Farm worker’s death leads to prosecution over exposure to toxic gases
25 February 2015
A Dorset farm owner and his two businesses have been fined for serious safety failings after a 29 year-old worker died following exposure to toxic gases.
Dorchester Crown Court heard on 23 February that Matthew Pitt and David Bartlett were working at Lowbrook Farm, owned by Clifford Owen Yeatman, in Bechalwell, Blandford Forum. They were exposed to toxic gases during maintenance of an anaerobic digestion (AD) plant at the farm. The plant was developed by Biogas Nord UK, of which Mr Yeatman was sole director.
On 24 June 2009, Mr Pitt and Mr Bartlett, both from Sturminster Newton, were tasked with opening the roof of the digester tank to free a stirring mechanism which had stopped moving due to a crust forming in the tank. As they did so, they were engulfed by toxic hydrogen sulphide gas.
Both men lost consciousness and when Mr Bartlett came round he found Mr Pitt lying next to him but could not get a response. He alerted other people on site to get help and an ambulance was called. Two paramedics and two other farmworkers also suffered from the effects of the fumes. Mr Pitt was later declared dead without having regained consciousness.
An investigation by the Health and Safety Executive (HSE) found a number of unsafe practices and failings during both the construction and operation phases of the AD plant.
Mr Yeatman and his company, Biogas Nord, did not assess the risks associated with the plant in general or with opening the roof. The roof had been opened five times since March 2009, including the day of the incident, by people working for Mr Yeatman. However, it was not designed for routine removal and its opening should have been required only rarely had the plant been operating correctly.

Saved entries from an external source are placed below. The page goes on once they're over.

lemma path_space_join:
  assumes "openin (path_space Y) S"
    and "pathin Y p" "pathin Y r" "p 1 = r 0" "join_path p r \<in> S"
  shows "\<exists>A C. openin (path_space Y) A \<and> openin (path_space Y) C \<and> p \<in> A \<and> r \<in> C \<and>
           (\<forall>q\<in>A. \<forall>s\<in>C. q 1 = s 0 \<longrightarrow> join_path q s \<in> S)"
  using assms
proof (induction arbitrary: p r rule: path_space_open_induct)
  case empty
  then show ?case by simp
next
  case (Int A B)
  obtain A1 C1 where 1: "openin (path_space Y) A1" "openin (path_space Y) C1" "p \<in> A1" "r \<in> C1"
      "\<forall>q\<in>A1. \<forall>s\<in>C1. q 1 = s 0 \<longrightarrow> join_path q s \<in> A"
    using Int.IH(1)[of p r] Int.prems by blast
  obtain A2 C2 where 2: "openin (path_space Y) A2" "openin (path_space Y) C2" "p \<in> A2" "r \<in> C2"
      "\<forall>q\<in>A2. \<forall>s\<in>C2. q 1 = s 0 \<longrightarrow> join_path q s \<in> B"
    using Int.IH(2)[of p r] Int.prems by blast
  show ?case
    by (rule exI[of _ "A1 \<inter> A2"], rule exI[of _ "C1 \<inter> C2"]) (use 1 2 in \<open>auto intro: openin_Int\<close>)
next
  case (Union \<K>)
  then obtain A where "A \<in> \<K>" "join_path p r \<in> A" by blast
  then show ?case using Union.IH[of A p r] Union.prems by blast
next
  case (subbasic K U)
  let ?K1 = "(\<lambda>t. 2*t) ` (K \<inter> {..1/2})" and ?K2 = "(\<lambda>t. 2*t - 1) ` (K \<inter> {1/2..})"
  let ?A = "{q. pathin Y q \<and> q ` ?K1 \<subseteq> U}" and ?C = "{s. pathin Y s \<and> s ` ?K2 \<subseteq> U}"
  show ?case
  proof (intro exI conjI)
    show "openin (path_space Y) ?A" "openin (path_space Y) ?C"
      using subbasic.hyps by (auto intro!: openin_path_space_subbasic compactin_halves)
    show "p \<in> ?A" "r \<in> ?C"
      using subbasic.prems join_path_image[of p r K] by auto
    show "\<forall>q\<in>?A. \<forall>s\<in>?C. q 1 = s 0 \<longrightarrow> join_path q s \<in> {p. pathin Y p \<and> p ` K \<subseteq> U}"
    proof (intro ballI impI)
      fix q s assume "q \<in> ?A" "s \<in> ?C" "q 1 = s 0"
      then show "join_path q s \<in> {p. pathin Y p \<and> p ` K \<subseteq> U}"
        using join_path_image[of q s K] pathin_join_path[of Y q s] by auto
    qed
  qed
qed

definition well_started :: "'a topology \<Rightarrow> (real \<Rightarrow> 'a) \<Rightarrow> bool" where
  "well_started Y p \<longleftrightarrow> pathin Y p \<and>
     (\<forall>\<U>. openin (path_space Y) \<U> \<and> p \<in> \<U> \<longrightarrow>
        (\<exists>V0. openin Y V0 \<and> p 0 \<in> V0 \<and> (\<forall>a\<in>V0. \<exists>q\<in>\<U>. q 0 = a \<and> q 1 = p 1)))"

lemma well_ended_imp_well_started: "well_ended Y p \<Longrightarrow> well_started Y p"
  unfolding well_ended_def well_started_def by meson

text \<open>The reverse of a well-ended path is well-ended, by continuity of reversal.\<close>
lemma well_ended_reverse_path:
  assumes p: "well_ended Y p"
  shows "well_ended Y (reverse_path p)"
  unfolding well_ended_def
proof (intro conjI allI impI)
  show "pathin Y (reverse_path p)"
    using p unfolding well_ended_def by (simp add: pathin_reverse_path)
  fix \<U> assume \<U>: "openin (path_space Y) \<U> \<and> reverse_path p \<in> \<U>"
  let ?\<U> = "{q. pathin Y q \<and> reverse_path q \<in> \<U>}"
  have "openin (path_space Y) ?\<U>" "p \<in> ?\<U>"
    using \<U> p path_space_reverse unfolding well_ended_def by auto
  then obtain V0 V1 where V: "openin Y V0" "p 0 \<in> V0" "openin Y V1" "p 1 \<in> V1"
      "\<forall>a\<in>V0. \<forall>b\<in>V1. \<exists>q\<in>?\<U>. q 0 = a \<and> q 1 = b"
    using p unfolding well_ended_def by blast
  show "\<exists>V0 V1. openin Y V0 \<and> reverse_path p 0 \<in> V0 \<and> openin Y V1 \<and> reverse_path p 1 \<in> V1 \<and>
           (\<forall>a\<in>V0. \<forall>b\<in>V1. \<exists>q\<in>\<U>. q 0 = a \<and> q 1 = b)"
  proof (intro exI conjI ballI)
    show "openin Y V1" "openin Y V0" "reverse_path p 0 \<in> V1" "reverse_path p 1 \<in> V0"
      using V by (auto simp: reverse_path_def)
    fix a b assume "a \<in> V1" "b \<in> V0"
    then obtain q where "q \<in> ?\<U>" "q 0 = b" "q 1 = a"
      using V(5) by blast
    then show "\<exists>q\<in>\<U>. q 0 = a \<and> q 1 = b"
      by (intro bexI[of _ "reverse_path q"]) (auto simp: reverse_path_def)
  qed
qed

text \<open>A well-started path followed by a well-ended path is well-ended, by continuity of
  concatenation: the perturbed start is joined to the fixed middle point, and from there to
  the perturbed end.\<close>
lemma well_ended_join_path:
  assumes p: "well_started Y p" and r: "well_ended Y r" and pr: "p 1 = r 0"
  shows "well_ended Y (join_path p r)"
  unfolding well_ended_def
proof (intro conjI allI impI)
  have "pathin Y p" "pathin Y r"
    using p r unfolding well_started_def well_ended_def by auto
  then show "pathin Y (join_path p r)"
    using pr by (rule pathin_join_path)
  fix \<U> assume \<U>: "openin (path_space Y) \<U> \<and> join_path p r \<in> \<U>"
  obtain A C where AC: "openin (path_space Y) A" "openin (path_space Y) C" "p \<in> A" "r \<in> C"
      "\<forall>q\<in>A. \<forall>s\<in>C. q 1 = s 0 \<longrightarrow> join_path q s \<in> \<U>"
    using path_space_join[of Y \<U> p r] \<U> \<open>pathin Y p\<close> \<open>pathin Y r\<close> pr by blast
  obtain V0 where V0: "openin Y V0" "p 0 \<in> V0" "\<forall>a\<in>V0. \<exists>q\<in>A. q 0 = a \<and> q 1 = p 1"
    using p AC unfolding well_started_def by blast
  obtain W0 W1 where W: "openin Y W0" "r 0 \<in> W0" "openin Y W1" "r 1 \<in> W1"
      "\<forall>a\<in>W0. \<forall>b\<in>W1. \<exists>s\<in>C. s 0 = a \<and> s 1 = b"
    using r AC unfolding well_ended_def by blast
  show "\<exists>V0 V1. openin Y V0 \<and> join_path p r 0 \<in> V0 \<and> openin Y V1 \<and> join_path p r 1 \<in> V1 \<and>
           (\<forall>a\<in>V0. \<forall>b\<in>V1. \<exists>q\<in>\<U>. q 0 = a \<and> q 1 = b)"
  proof (intro exI conjI ballI)
    show "openin Y V0" "openin Y W1" "join_path p r 0 \<in> V0" "join_path p r 1 \<in> W1"
      using V0 W by (auto simp: join_path_def)
    fix a b assume "a \<in> V0" "b \<in> W1"
    then obtain q s where "q \<in> A" "q 0 = a" "q 1 = p 1" "s \<in> C" "s 0 = p 1" "s 1 = b"
      using V0(3) W(2,5) pr by fastforce
    then show "\<exists>q\<in>\<U>. q 0 = a \<and> q 1 = b"
      using AC(5) by (intro bexI[of _ "join_path q s"]) (auto simp: join_path_def)
  qed
qed

lemma path_space_open_const:
  assumes "openin (path_space Y) S" and "(\<lambda>_. c) \<in> S" and "c \<in> topspace Y"
  shows "\<exists>N. openin Y N \<and> c \<in> N \<and> (\<forall>q. pathin Y q \<and> q ` {0..1} \<subseteq> N \<longrightarrow> q \<in> S)"
  using assms
proof (induction rule: path_space_open_induct)
  case empty
  then show ?case by simp
next
  case (Int A B)
  obtain N1 where "openin Y N1" "c \<in> N1" "\<forall>q. pathin Y q \<and> q ` {0..1} \<subseteq> N1 \<longrightarrow> q \<in> A"
    using Int.IH(1) Int.prems by blast
  moreover obtain N2 where "openin Y N2" "c \<in> N2" "\<forall>q. pathin Y q \<and> q ` {0..1} \<subseteq> N2 \<longrightarrow> q \<in> B"
    using Int.IH(2) Int.prems by blast
  ultimately show ?case
    by (intro exI[of _ "N1 \<inter> N2"]) auto
next
  case (Union \<K>)
  then obtain A where "A \<in> \<K>" "(\<lambda>_. c) \<in> A" by blast
  then show ?case using Union.IH[of A] Union.prems by blast
next
  case (subbasic K U)
  have "K \<subseteq> {0..1}"
    using subbasic.hyps(1) unfolding compactin_unit_interval by auto
  show ?case
  proof (cases "K = {}")
    case True
    then show ?thesis using subbasic.prems by (intro exI[of _ "topspace Y"]) auto
  next
    case False
    then have "c \<in> U" using subbasic.prems by auto
    then show ?thesis using subbasic.hyps(2) \<open>K \<subseteq> {0..1}\<close> by (intro exI[of _ U]) auto
  qed
qed

text \<open>The constant path at a point where the space is (weakly) locally path-connected is
  well-ended: nearby points are joined by short paths close to the constant one.\<close>
lemma well_ended_const:
  assumes c: "c \<in> topspace Y" and lpc: "weakly_locally_path_connected_at c Y"
  shows "well_ended Y (\<lambda>_. c)"
  unfolding well_ended_def
proof (intro conjI allI impI)
  show "pathin Y (\<lambda>_. c)" using c by simp
  fix \<U> assume \<U>: "openin (path_space Y) \<U> \<and> (\<lambda>_. c) \<in> \<U>"
  then obtain N where N: "openin Y N" "c \<in> N" "\<forall>q. pathin Y q \<and> q ` {0..1} \<subseteq> N \<longrightarrow> q \<in> \<U>"
    using path_space_open_const[of Y \<U> c] c by blast
  obtain U V where UV: "openin Y U" "path_connectedin Y V" "c \<in> U" "U \<subseteq> V" "V \<subseteq> N"
    using lpc[unfolded weakly_locally_path_connected_at_def neighbourhood_base_at_def, rule_format, OF conjI[OF N(1,2)]]
    by blast
  show "\<exists>V0 V1. openin Y V0 \<and> c \<in> V0 \<and> openin Y V1 \<and> c \<in> V1 \<and>
           (\<forall>a\<in>V0. \<forall>b\<in>V1. \<exists>q\<in>\<U>. q 0 = a \<and> q 1 = b)"
  proof (intro exI conjI ballI)
    fix a b assume "a \<in> U" "b \<in> U"
    then obtain q where q: "pathin Y q" "q \<in> {0..1} \<rightarrow> V" "q 0 = a" "q 1 = b"
      using UV(2,4) unfolding path_connectedin by blast
    then have "q ` {0..1} \<subseteq> N"
      using UV(5) by auto
    then show "\<exists>q\<in>\<U>. q 0 = a \<and> q 1 = b"
      using N(3) q by blast
  qed (use UV in simp_all)
qed

abbreviation wedge_inclusion :: "('i \<Rightarrow> 'a) \<Rightarrow> 'i \<Rightarrow> 'a \<Rightarrow> ('i \<times> 'a) option" where
  "wedge_inclusion x l \<equiv> \<lambda>y. wedge_map x (l, y)"

lemma wedge_map_eq: "wedge_map x (l, y) = (if y = x l then None else Some (l, y))"
  by (simp add: wedge_map_def)

lemma topspace_wedge: "topspace (wedge X x \<Lambda>) = wedge_map x ` Sigma \<Lambda> (topspace \<circ> X)"
  unfolding wedge_def topspace_quotient_topology by simp

lemma openin_wedge:
  "openin (wedge X x \<Lambda>) U \<longleftrightarrow> U \<subseteq> topspace (wedge X x \<Lambda>) \<and>
     (\<forall>l\<in>\<Lambda>. openin (X l) {y \<in> topspace (X l). wedge_inclusion x l y \<in> U})"
proof -
  have "{y. (l, y) \<in> {z \<in> Sigma \<Lambda> (topspace \<circ> X). wedge_map x z \<in> U}} =
      {y \<in> topspace (X l). wedge_inclusion x l y \<in> U}" if "l \<in> \<Lambda>" for l
    using that by auto
  then show ?thesis
    unfolding topspace_wedge
    unfolding wedge_def openin_quotient_topology openin_sum_topology topspace_sum_topology
    by auto
qed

Workers were not trained to remove the roof and did not recognise that the removal of the roof was a specialist job. The risks from substances generated in the AD process, including explosion and exposure to toxic gases, were poorly understood.
Work at height during the removal of the roof was also carried out without adequate safety precautions.

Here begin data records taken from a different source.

(* Let $G$ be a simple, connected, finite graph with transition matrix $T=T(G)$. Then the Grover walk on $G$ is periodic if and only if $\cos^{-1}(\lambda)\in\pi\mathbb{Q}$ for every eigenvalue $\lambda$ of $T$.
   Context: For a simple connected finite graph $G=(V,E)$, let $\mathcal{A}=\{(u,v),(v,u)\mid uv\in E\}$ be the set of arcs; for an arc $e=(u,v)$ write $o(e)=u$, $t(e)=v$, and $\bar e=(v,u)$. The Grover walk on $G$ has time evolution $U$ on $\mathbb{C}^{\mathcal{A}}$ with entries $U_{e,f}=2/\deg t(f)$ if $t(f)=o(e)$ and $e\neq\bar f$; $U_{e,f}=2/\deg t(f)-1$ if $e=\bar f$; and $U_{e,f}=0$ otherwise. The walk (or $G$) is periodic if $U^k=I$ for some positive integer $k$. The transition matrix $T$ on $\mathbb{C}^V$ has entries $T_{u,v}=1/\deg u$ if $u\sim v$ and $0$ otherwise (its eigenvalues are real and lie in $[-1,1]$). *)

theory Defs
  imports "HOL-Analysis.Analysis"
begin

definition simple_graph :: "'v set \<Rightarrow> ('v \<Rightarrow> 'v \<Rightarrow> bool) \<Rightarrow> bool" where
  "simple_graph V Adj \<longleftrightarrow> finite V \<and> (\<forall>u v. Adj u v \<longrightarrow> u \<in> V \<and> v \<in> V)
     \<and> (\<forall>u v. Adj u v \<longrightarrow> Adj v u) \<and> (\<forall>u. \<not> Adj u u)"

definition connected_graph :: "'v set \<Rightarrow> ('v \<Rightarrow> 'v \<Rightarrow> bool) \<Rightarrow> bool" where
  "connected_graph V Adj \<longleftrightarrow> V \<noteq> {} \<and>
     (\<forall>u\<in>V. \<forall>v\<in>V. (u, v) \<in> {(x, y). Adj x y}\<^sup>*)"

definition deg :: "'v set \<Rightarrow> ('v \<Rightarrow> 'v \<Rightarrow> bool) \<Rightarrow> 'v \<Rightarrow> nat" where
  "deg V Adj v = card {u \<in> V. Adj v u}"

text \<open>Arcs: ordered pairs (u,v) with uv an edge; o(e) = fst e, t(e) = snd e, reverse = prod.swap.\<close>
definition arcs :: "('v \<Rightarrow> 'v \<Rightarrow> bool) \<Rightarrow> ('v \<times> 'v) set" where
  "arcs Adj = {(u, v). Adj u v}"

definition grover_U :: "'v set \<Rightarrow> ('v \<Rightarrow> 'v \<Rightarrow> bool) \<Rightarrow> ('v \<times> 'v) \<Rightarrow> ('v \<times> 'v) \<Rightarrow> complex" where
  "grover_U V Adj e f =
     (if e = prod.swap f then 2 / of_nat (deg V Adj (snd f)) - 1
      else if snd f = fst e then 2 / of_nat (deg V Adj (snd f))
      else 0)"

definition idmat :: "'i \<Rightarrow> 'i \<Rightarrow> complex" where
  "idmat i j = (if i = j then 1 else 0)"

definition matmul :: "'i set \<Rightarrow> ('i \<Rightarrow> 'i \<Rightarrow> complex) \<Rightarrow> ('i \<Rightarrow> 'i \<Rightarrow> complex) \<Rightarrow> 'i \<Rightarrow> 'i \<Rightarrow> complex" where
  "matmul I M N i j = (\<Sum>k\<in>I. M i k * N k j)"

The investigation identified that a previous similar incident had never been reported to HSE. On 1 August 2008 farm worker Joerg Grondke fell unconscious after he was exposed to toxic gas when he was replacing the clamps that held the roof seal in place.
While masks were supplied after the 2008 incident workers were never trained in their use and they were taken off once the roof was removed in the mistaken belief that the danger had passed. The masks were also not face-fitted or properly maintained.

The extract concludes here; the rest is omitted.